First, I want thank you all for your thoughtful and insightful comments! I truly wish we could all be together, talking about this book in my living room! I can see that . . . there are true limitations to replying to comments IN the comments section, at least when it comes to my Typepad blog, so my apologies for the cumbersome nature of this discussion.

Please continue to comment and discuss in this space, while I spend some time today figuring out my comment settings so I can comment-in-the-comments AND you can respond to each other. (Like we said in the beginning of this Read With Us adventure . . . this is our beta version.) Thanks for your patience!


I've enjoyed reading all the comments and am looking forward to reading the book (closing in on Overdrive I believe).


I have spent a great deal of time thinking about what Eileen said: "I find this all heartbreaking and am thinking daily,"what can I do to right this injustice", what meaningful change can I promote?" and I honestly don't have a "ready answer" for this painful question. I believe it starts at the ballot box though - electing officials that are open and honest about the inequality that is our criminal in-justice system. But, I do not mean to imply that solving the problem is a task for someone else - it will take the hard and dedicated work of MANY people to begin to change the systemic injustices that exist.

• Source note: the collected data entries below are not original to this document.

theorem theorem6p1:
  fixes M :: "'a measure"
  assumes "prob_space M"
  shows
  "(\<forall>(n::nat) (T :: nat \<Rightarrow> 'a \<Rightarrow> complex^'d^'d).
      prob_space.indep_vars M (\<lambda>_. borel) T {1..n}
      \<and> (\<forall>i\<in>{1..n}. integrable M (T i) \<and> (\<forall>\<omega>\<in>space M. psd (T i \<omega>)))
      \<longrightarrow> (let W = (\<lambda>\<omega>. \<Sum>i=1..n. T i \<omega>) in
            (\<integral>\<^sup>+\<omega>. ennreal (spec_norm (W \<omega>)) \<partial>M)
            \<ge> 1/4 * (esqrt (ennreal (spec_norm (\<integral>\<omega>. W \<omega> \<partial>M)))
                     + esqrt (\<integral>\<^sup>+\<omega>. (SUP i\<in>{1..n}. ennreal (spec_norm (T i \<omega>))) \<partial>M))\<^sup>2))
   \<and>
   (\<forall>(n::nat) (Y :: nat \<Rightarrow> 'a \<Rightarrow> complex^'d^'d).
      prob_space.indep_vars M (\<lambda>_. borel) Y {1..n}
      \<and> (\<forall>i\<in>{1..n}. integrable M (Y i) \<and> (\<integral>\<omega>. Y i \<omega> \<partial>M) = 0
                     \<and> (\<forall>\<omega>\<in>space M. hermitian (Y i \<omega>)))
      \<longrightarrow> (let X = (\<lambda>\<omega>. \<Sum>i=1..n. Y i \<omega>) in
            esqrt (\<integral>\<^sup>+\<omega>. ennreal ((spec_norm (X \<omega>))\<^sup>2) \<partial>M)
            \<ge> 1/2 * esqrt (ennreal (spec_norm (\<integral>\<omega>. X \<omega> ** X \<omega> \<partial>M)))
              + 1/4 * esqrt (\<integral>\<^sup>+\<omega>. (SUP i\<in>{1..n}. ennreal ((spec_norm (Y i \<omega>))\<^sup>2)) \<partial>M)))
   \<and>
   (\<forall>(n::nat) (S :: nat \<Rightarrow> 'a \<Rightarrow> complex^'d2^'d1).
      prob_space.indep_vars M (\<lambda>_. borel) S {1..n}
      \<and> (\<forall>i\<in>{1..n}. integrable M (S i) \<and> (\<integral>\<omega>. S i \<omega> \<partial>M) = 0)
      \<longrightarrow> (let Z = (\<lambda>\<omega>. \<Sum>i=1..n. S i \<omega>) in
            esqrt (\<integral>\<^sup>+\<omega>. ennreal ((spec_norm (Z \<omega>))\<^sup>2) \<partial>M)
            \<ge> 1/2 * max (esqrt (ennreal (spec_norm (\<integral>\<omega>. Z \<omega> ** ctrans (Z \<omega>) \<partial>M))))
                         (esqrt (ennreal (spec_norm (\<integral>\<omega>. ctrans (Z \<omega>) ** Z \<omega> \<partial>M))))
              + 1/4 * esqrt (\<integral>\<^sup>+\<omega>. (SUP i\<in>{1..n}. ennreal ((spec_norm (S i \<omega>))\<^sup>2)) \<partial>M)))"
proof -
  interpret prob_space M by (rule assms)
  show ?thesis
    unfolding Let_def
    by (intro conjI allI impI; elim conjE)
       (rule nn_integral_spec_norm_sum_psd_ge esqrt_second_moment_hermitian_ge esqrt_second_moment_ge; auto)+
qed

end
(* For all deterministic parity tree automata $A$ and $B$, Duplicator has a winning strategy in the automata game $G(A,B)$ if and only if $L(A)\le_W L(B)$.
   Context: A deterministic parity tree automaton is $A=\langle\Sigma,Q,\delta,q_0,\mathrm{rank}\rangle$ with $\delta:Q\times\Sigma\to Q\times Q$ total; we write $q\xrightarrow{\sigma}q_1,q_2$ for $\delta(q,\sigma)=(q_1,q_2)$. A run is accepting if on every path the highest rank seen infinitely often is even; $L(A)$ is the set of accepted trees. A state is all-rejecting if the automaton started there accepts no tree; $\bot$ denotes such a state. $\le_W$ is continuous (Wadge) reducibility between subsets of tree spaces $T_\Sigma$ with the standard Cantor-type metric. The automata game $G(A,B)$: initially one token of Spoiler is in the initial state of $A$ and one token of Duplicator in the initial state of $B$. In each round each player performs finitely many actions of the following kinds on his own automaton: (fire) for a token in state $q$ choose a transition $q\xrightarrow{\sigma}q_1,q_2$, remove the token and place new tokens in $q_1$ and $q_2$; (remove) remove a token lying in a state other than $\bot$. Spoiler (on $A$) must in each round perform an action for every token created in the previous round; Duplicator (on $B$) may postpone acting on a token, but not forever. The tokens of each player trace a partial run of the respective automaton; a removed token is interpreted as plugging in an accepting subrun at the corresponding node, yielding a full run of each automaton. Duplicator wins iff both resulting runs are accepting or both are rejecting. *)

theory Defs
  imports "HOL-Analysis.Analysis"
begin
lemma subadd_step_in_verts:
  assumes "0 < p"
  shows "subadd_step p u \<in> verts p"
  using assms by (simp add: subadd_step_def verts_def)

lemma funpow_subadd_step_in_verts:
  assumes "u \<in> verts p"
  shows "(subadd_step p ^^ n) u \<in> verts p"
proof -
  have "0 < p"
    using assms by (auto simp: verts_def)
  then show ?thesis
    using assms by (induction n) (simp_all add: subadd_step_in_verts)
qed

lemma funpow_subadd_step_fixes_verts:
  assumes "subadd_M_pow_cong_one p n" and "u \<in> verts p"
  shows "(subadd_step p ^^ n) u = u"
proof -
  obtain a b where u: "u = (a, b)"
    by fastforce
  obtain x y where xy: "one_plus_i_pow n = (x, y)"
    by fastforce
  have x: "[x = 1] (mod int p)" and y: "[y = 0] (mod int p)"
    using assms(1) xy by (simp_all add: subadd_M_pow_cong_one_def)
  have "[x * a - y * b = 1 * a - 0 * b] (mod int p)" "[y * a + x * b = 0 * a + 1 * b] (mod int p)"
    by (intro cong_diff cong_add cong_mult x y cong_refl)+
  then show ?thesis
    using assms(2) funpow_subadd_step[of a b p n] u xy by (simp add: verts_def cong_def)
qed

abbreviation vertex_period :: "nat \<Rightarrow> int \<times> int \<Rightarrow> nat" where
  "vertex_period p u \<equiv> funpow_dist1 (subadd_step p) u u"

lemma directed_cycle_length:
  assumes "directed_cycle p cs"
  shows "length cs = vertex_period p (cs ! 0)"
  using assms fun_cycle_length by (auto simp: directed_cycle_iff_fun_cycle)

I have been doing the same kind of thinking, Kat. We've read the book and even though we still have two more weeks of discussion and a summary, I'm wondering what actions I can take. I agree with your take on voting, and the EJI website has a "Get Involved" link that I'm going to be looking into. I don't think I can read this book and not begin to take some small steps toward justice for all.


At first I was reticent about reading this book. My feelings about the death penalty had been altered by the horrific rape and murder of the wife and daughters of a doctor who my close friend worked with. But I knew the approach of this book would enlighten me on how our system varies depending on race an economic status. I do believe what we read about Monroeville is a long developed cultural attitude that has developed since the beginning of slavery. I can’t remember when I first read To Kill a Mockingbird but my guess is it was in high school during the late 60’s. Just Mercy did change my feelings about the book. I marveled at Bryan’s commitment to those unjustly incarcerated and believe he gained a better understanding as a result of his brush with racial profiling. Although I started a reluctant reader I could put the book down.


Bonny! Thank you for that link. I will absolutely make that part of my giving. It seems like a small thing to do, but maybe that is one of the best things to do!